● Required action
Scan the entries and state how many lines contain "Rightarrow". Write no other text.

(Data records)
▽

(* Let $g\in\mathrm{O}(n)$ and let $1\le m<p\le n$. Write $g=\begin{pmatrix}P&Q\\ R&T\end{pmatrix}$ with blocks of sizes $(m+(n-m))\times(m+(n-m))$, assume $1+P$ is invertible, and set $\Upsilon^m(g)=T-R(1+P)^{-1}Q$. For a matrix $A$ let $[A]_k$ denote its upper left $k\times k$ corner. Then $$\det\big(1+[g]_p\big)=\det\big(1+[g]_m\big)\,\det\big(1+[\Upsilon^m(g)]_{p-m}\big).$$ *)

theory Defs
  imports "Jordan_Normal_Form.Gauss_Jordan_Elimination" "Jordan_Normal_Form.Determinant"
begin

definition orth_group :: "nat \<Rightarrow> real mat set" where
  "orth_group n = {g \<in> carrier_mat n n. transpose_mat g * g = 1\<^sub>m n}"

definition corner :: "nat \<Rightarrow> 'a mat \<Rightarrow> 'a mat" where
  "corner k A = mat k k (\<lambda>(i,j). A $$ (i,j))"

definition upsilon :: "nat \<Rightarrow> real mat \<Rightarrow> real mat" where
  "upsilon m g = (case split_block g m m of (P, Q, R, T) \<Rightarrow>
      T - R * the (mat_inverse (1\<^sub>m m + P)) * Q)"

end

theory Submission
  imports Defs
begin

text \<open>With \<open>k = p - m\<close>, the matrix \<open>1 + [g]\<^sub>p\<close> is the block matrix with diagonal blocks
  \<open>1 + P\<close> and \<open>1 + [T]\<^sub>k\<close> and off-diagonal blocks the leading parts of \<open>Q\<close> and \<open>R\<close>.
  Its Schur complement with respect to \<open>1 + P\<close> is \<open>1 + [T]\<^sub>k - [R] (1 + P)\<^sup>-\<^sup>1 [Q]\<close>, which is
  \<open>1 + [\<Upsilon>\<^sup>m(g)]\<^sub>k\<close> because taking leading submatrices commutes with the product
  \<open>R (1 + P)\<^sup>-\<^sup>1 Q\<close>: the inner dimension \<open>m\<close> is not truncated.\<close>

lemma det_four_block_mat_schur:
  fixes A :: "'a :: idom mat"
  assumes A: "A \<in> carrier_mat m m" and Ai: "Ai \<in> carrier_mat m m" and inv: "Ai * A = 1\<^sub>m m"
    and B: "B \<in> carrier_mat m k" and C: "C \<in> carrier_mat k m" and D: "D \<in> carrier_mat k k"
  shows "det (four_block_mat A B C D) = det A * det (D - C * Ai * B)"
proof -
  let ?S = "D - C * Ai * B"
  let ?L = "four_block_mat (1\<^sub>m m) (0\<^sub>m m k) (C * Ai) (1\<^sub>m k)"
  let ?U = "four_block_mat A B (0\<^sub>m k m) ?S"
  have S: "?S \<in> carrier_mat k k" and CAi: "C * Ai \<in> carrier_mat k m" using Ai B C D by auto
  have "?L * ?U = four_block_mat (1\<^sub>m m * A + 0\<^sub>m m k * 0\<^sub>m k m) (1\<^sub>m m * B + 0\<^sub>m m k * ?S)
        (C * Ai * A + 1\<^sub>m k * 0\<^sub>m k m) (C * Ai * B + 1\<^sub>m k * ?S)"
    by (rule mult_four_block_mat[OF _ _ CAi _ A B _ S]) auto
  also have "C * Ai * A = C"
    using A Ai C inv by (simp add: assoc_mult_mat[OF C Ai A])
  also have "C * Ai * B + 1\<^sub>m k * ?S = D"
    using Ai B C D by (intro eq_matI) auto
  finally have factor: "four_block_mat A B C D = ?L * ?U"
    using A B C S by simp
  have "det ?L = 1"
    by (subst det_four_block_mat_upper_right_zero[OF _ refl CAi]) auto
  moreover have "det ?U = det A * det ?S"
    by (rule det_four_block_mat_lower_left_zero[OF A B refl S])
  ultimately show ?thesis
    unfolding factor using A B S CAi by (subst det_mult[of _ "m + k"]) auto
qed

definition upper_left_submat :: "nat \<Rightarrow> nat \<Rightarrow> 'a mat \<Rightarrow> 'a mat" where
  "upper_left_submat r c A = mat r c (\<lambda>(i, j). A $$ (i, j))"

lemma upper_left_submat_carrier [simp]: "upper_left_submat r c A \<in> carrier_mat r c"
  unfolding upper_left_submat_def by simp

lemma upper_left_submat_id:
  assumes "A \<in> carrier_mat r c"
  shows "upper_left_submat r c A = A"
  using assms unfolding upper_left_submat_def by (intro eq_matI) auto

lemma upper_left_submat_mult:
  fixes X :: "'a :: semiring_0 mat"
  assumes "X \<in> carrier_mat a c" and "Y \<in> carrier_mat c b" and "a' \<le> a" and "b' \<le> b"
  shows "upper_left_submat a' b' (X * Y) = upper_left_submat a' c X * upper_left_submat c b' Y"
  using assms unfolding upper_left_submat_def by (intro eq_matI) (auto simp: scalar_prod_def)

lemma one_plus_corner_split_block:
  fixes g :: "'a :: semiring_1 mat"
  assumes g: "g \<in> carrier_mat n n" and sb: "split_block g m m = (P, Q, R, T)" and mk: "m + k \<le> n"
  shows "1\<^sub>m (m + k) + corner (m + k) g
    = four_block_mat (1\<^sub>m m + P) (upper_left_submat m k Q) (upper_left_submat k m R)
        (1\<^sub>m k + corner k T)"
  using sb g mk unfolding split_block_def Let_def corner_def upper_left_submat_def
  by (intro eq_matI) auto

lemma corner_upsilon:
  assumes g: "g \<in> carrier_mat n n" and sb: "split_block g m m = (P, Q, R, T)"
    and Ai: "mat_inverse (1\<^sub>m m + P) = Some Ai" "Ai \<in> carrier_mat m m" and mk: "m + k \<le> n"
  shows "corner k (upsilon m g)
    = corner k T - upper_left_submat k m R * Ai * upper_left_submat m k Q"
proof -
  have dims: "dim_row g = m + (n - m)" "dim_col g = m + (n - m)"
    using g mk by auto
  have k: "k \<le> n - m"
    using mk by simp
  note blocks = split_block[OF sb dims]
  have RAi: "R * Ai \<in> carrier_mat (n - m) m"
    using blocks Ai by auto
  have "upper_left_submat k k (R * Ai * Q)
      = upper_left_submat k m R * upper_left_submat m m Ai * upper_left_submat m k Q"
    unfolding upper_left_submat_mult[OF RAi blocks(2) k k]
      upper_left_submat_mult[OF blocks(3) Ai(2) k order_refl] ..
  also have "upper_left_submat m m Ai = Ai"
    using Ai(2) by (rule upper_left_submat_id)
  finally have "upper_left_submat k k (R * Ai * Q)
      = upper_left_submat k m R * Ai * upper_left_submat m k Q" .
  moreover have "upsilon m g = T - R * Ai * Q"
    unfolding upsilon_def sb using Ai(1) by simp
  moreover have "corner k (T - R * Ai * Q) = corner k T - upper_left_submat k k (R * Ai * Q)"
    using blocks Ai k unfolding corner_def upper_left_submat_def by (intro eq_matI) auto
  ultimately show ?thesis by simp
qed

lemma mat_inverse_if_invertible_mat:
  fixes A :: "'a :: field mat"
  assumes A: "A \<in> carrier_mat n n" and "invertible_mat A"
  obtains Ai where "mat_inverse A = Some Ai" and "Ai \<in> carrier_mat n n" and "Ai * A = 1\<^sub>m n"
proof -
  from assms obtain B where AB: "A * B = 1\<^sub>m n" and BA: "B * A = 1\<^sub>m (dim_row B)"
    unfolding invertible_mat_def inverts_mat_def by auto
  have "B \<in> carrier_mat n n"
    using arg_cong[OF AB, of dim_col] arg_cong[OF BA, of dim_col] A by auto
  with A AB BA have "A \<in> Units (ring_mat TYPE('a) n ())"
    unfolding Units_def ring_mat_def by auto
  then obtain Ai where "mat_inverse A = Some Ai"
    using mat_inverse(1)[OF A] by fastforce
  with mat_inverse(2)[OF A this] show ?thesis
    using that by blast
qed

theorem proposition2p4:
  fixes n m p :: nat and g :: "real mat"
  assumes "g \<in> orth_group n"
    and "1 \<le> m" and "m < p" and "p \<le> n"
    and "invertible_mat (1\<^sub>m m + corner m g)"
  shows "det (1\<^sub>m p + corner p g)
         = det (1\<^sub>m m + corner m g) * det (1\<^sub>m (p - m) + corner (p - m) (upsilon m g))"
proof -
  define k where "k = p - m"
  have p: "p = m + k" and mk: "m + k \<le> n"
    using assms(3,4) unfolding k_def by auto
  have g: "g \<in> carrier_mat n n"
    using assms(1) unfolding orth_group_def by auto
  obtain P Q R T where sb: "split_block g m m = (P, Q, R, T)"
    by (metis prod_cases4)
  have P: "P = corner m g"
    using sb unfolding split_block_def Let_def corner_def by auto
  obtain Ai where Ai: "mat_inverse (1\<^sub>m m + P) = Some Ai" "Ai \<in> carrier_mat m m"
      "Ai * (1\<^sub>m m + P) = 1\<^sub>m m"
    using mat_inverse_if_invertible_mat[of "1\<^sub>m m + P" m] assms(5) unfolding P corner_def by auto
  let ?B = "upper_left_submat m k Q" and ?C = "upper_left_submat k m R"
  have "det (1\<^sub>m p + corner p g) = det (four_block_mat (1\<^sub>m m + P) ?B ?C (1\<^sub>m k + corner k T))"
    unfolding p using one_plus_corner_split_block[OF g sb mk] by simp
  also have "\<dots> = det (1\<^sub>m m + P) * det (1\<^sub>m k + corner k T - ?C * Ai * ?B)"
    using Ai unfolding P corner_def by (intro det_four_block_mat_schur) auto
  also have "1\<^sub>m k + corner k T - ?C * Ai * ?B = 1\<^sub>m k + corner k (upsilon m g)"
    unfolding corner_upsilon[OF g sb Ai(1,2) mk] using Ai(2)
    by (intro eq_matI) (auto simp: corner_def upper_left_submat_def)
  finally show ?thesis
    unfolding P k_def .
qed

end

△

● Result
5